Conseil ou Cour constitutionnelle? - Par Dominique Schnapper

Telles les « marronniers » de la rentrée, le rôle des francs-maçons, le palmarès des cliniques ou des lycées, les nominations au Conseil constitutionnel suscitent tous les trois ans les mêmes critiques. Tous les neuf ans, elles sont d’autant plus virulentes que l’un des trois nouveaux membres nommés, celui qui est choisi par le président de la République, deviendra le président du Conseil constitutionnel. Les critiques sont de deux ordres : la politisation, le rôle indu d’une institution non élue dont les décisions peuvent s’imposer à la volonté des élus.

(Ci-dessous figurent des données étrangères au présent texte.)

abbreviation Om :: "(nat \<Rightarrow> nat) set" where
  "Om \<equiv> assignments n Q nq"

lemma finite_Om: "finite Om"
  by (rule finite_subset[of _ "{..<n} \<rightarrow>\<^sub>E {..<Q}"]) (auto simp: assignments_def finite_PiE)

lemma Om_nonempty: "Om \<noteq> {}"
  by (rule assignments_nonempty[OF nq_sum])

lemma card_Om_pos: "real (card Om) > 0"
  using finite_Om Om_nonempty by (simp add: card_gt_0_iff)

lemma Om_range: "z \<in> Om \<Longrightarrow> i < n \<Longrightarrow> z i < Q"
  unfolding assignments_def by (auto simp: PiE_iff)

lemma card_group: "z \<in> Om \<Longrightarrow> q < Q \<Longrightarrow> card {i. i < n \<and> z i = q} = nq q"
  unfolding assignments_def by auto

lemma nq_nonzero: "q < Q \<Longrightarrow> nq q \<noteq> 0"
  using nq_pos[of q] by simp

lemma sum_units_comp:
  assumes z: "z \<in> Om"
  shows "(\<Sum>i<n. \<phi> (z i)) = (\<Sum>q<Q. real (nq q) * \<phi> q)"
proof -
  have "(\<Sum>i<n. \<phi> (z i)) = (\<Sum>q<Q. \<Sum>i\<in>{i \<in> {..<n}. z i = q}. \<phi> (z i))"
    using Om_range[OF z] by (intro sum.group[symmetric]) auto
  also have "\<dots> = (\<Sum>q<Q. real (nq q) * \<phi> q)"
  proof (intro sum.cong refl)
    fix q assume "q \<in> {..<Q}"
    then have "card {i \<in> {..<n}. z i = q} = nq q" using card_group[OF z] by simp
    then show "(\<Sum>i\<in>{i \<in> {..<n}. z i = q}. \<phi> (z i)) = real (nq q) * \<phi> q" by simp
  qed
  finally show ?thesis .
qed

lemma sum_distinct_units_comp:
  assumes z: "z \<in> Om"
  shows "(\<Sum>i<n. \<Sum>j\<in>{..<n} - {i}. \<phi> (z i) (z j))
    = (\<Sum>q<Q. \<Sum>q'<Q. real (nq q) * (real (nq q') - of_bool (q = q')) * \<phi> q q')"
proof -
  have "(\<Sum>i<n. \<Sum>j\<in>{..<n} - {i}. \<phi> (z i) (z j))
      = (\<Sum>i<n. \<Sum>j<n. \<phi> (z i) (z j)) - (\<Sum>i<n. \<phi> (z i) (z i))"
    by (simp add: sum_diff1 sum_subtractf)
  also have "(\<Sum>i<n. \<Sum>j<n. \<phi> (z i) (z j)) = (\<Sum>q<Q. real (nq q) * (\<Sum>q'<Q. real (nq q') * \<phi> q q'))"
    unfolding sum_units_comp[OF z] by (rule sum_units_comp[OF z])
  also have "(\<Sum>i<n. \<phi> (z i) (z i)) = (\<Sum>q<Q. real (nq q) * \<phi> q q)"
    by (rule sum_units_comp[OF z])
  also have "(\<Sum>q<Q. real (nq q) * (\<Sum>q'<Q. real (nq q') * \<phi> q q')) - (\<Sum>q<Q. real (nq q) * \<phi> q q)
      = (\<Sum>q<Q. \<Sum>q'<Q. real (nq q) * (real (nq q') - of_bool (q = q')) * \<phi> q q')"
  proof -
    have "real (nq q) * (real (nq q') - of_bool (q = q')) * \<phi> q q'
        = real (nq q) * (real (nq q') * \<phi> q q') - (if q' = q then real (nq q) * \<phi> q q' else 0)" for q q'
      by (simp add: algebra_simps)
    then show ?thesis by (simp add: sum_subtractf sum_distrib_left)
  qed
  finally show ?thesis .
qed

Les cours suprêmes sont par nature des instances qui prennent des décisions sinon directement politiques, du moins à horizon politique, même si elles sont justifiées par un argumentaire juridique. Que les conseillers aient une formation juridique est évidemment souhaitable. La Constitution de la Ve République ne prévoit aucune condition de compétence en ce domaine. Dans d’autres pays, les personnalités nommées par les autorités ont été des juges ou des juristes reconnus. Il n’est que de consulter les biographies des membres de la Cour suprême aux Etats-Unis ou ceux de la Cour de Karlsruhe, la plus respectée des cours européennes. Prenons l’exemple de la cour américaine, la première qui a influencé nombre de cours plus récentes. Les juges qui y sont nommés à vie ont fait des carrières de magistrats ou de professeurs dans les universités les plus prestigieuses ; de plus, ils ont à leur disposition une armée de collaborateurs également diplômés de Yale ou de Harvard. Leur bagage proprement juridique est donc sans rapport avec celui des conseillers français. Leurs décisions sont-elles pour autant moins « politisées » et plus « juridiques » ? On peut en douter. Depuis l’acceptation des lois dites Jim Crow qui séparait le monde des Noirs et des Blancs dans les Etats du sud au début du siècle, jusqu’à l’opposition à la politique du New Deal de Roosevelt et aux récentes décisions sur le droit à l’avortement, il semble que la compétence juridique n’empêche pas de prendre des décisions orientées par les sensibilités politiques. La cour actuelle est formée d’une majorité désormais acquise à la cause des Républicains les plus conservateurs et personne ne pense que ses décisions sont ou seront purement « juridiques ». À la cour de Karlsruhe également, les juges ont une compétence supérieure à celle de la majorité des conseillers français, ce sont le plus souvent les juristes des partis politiques et ils sont proposés par eux. Des décisions récentes sur le rapport avec le droit européen sont incontestablement « politiques », autre forme d’une politisation inévitable des cours chargées de juger de la conformité des lois à la constitution.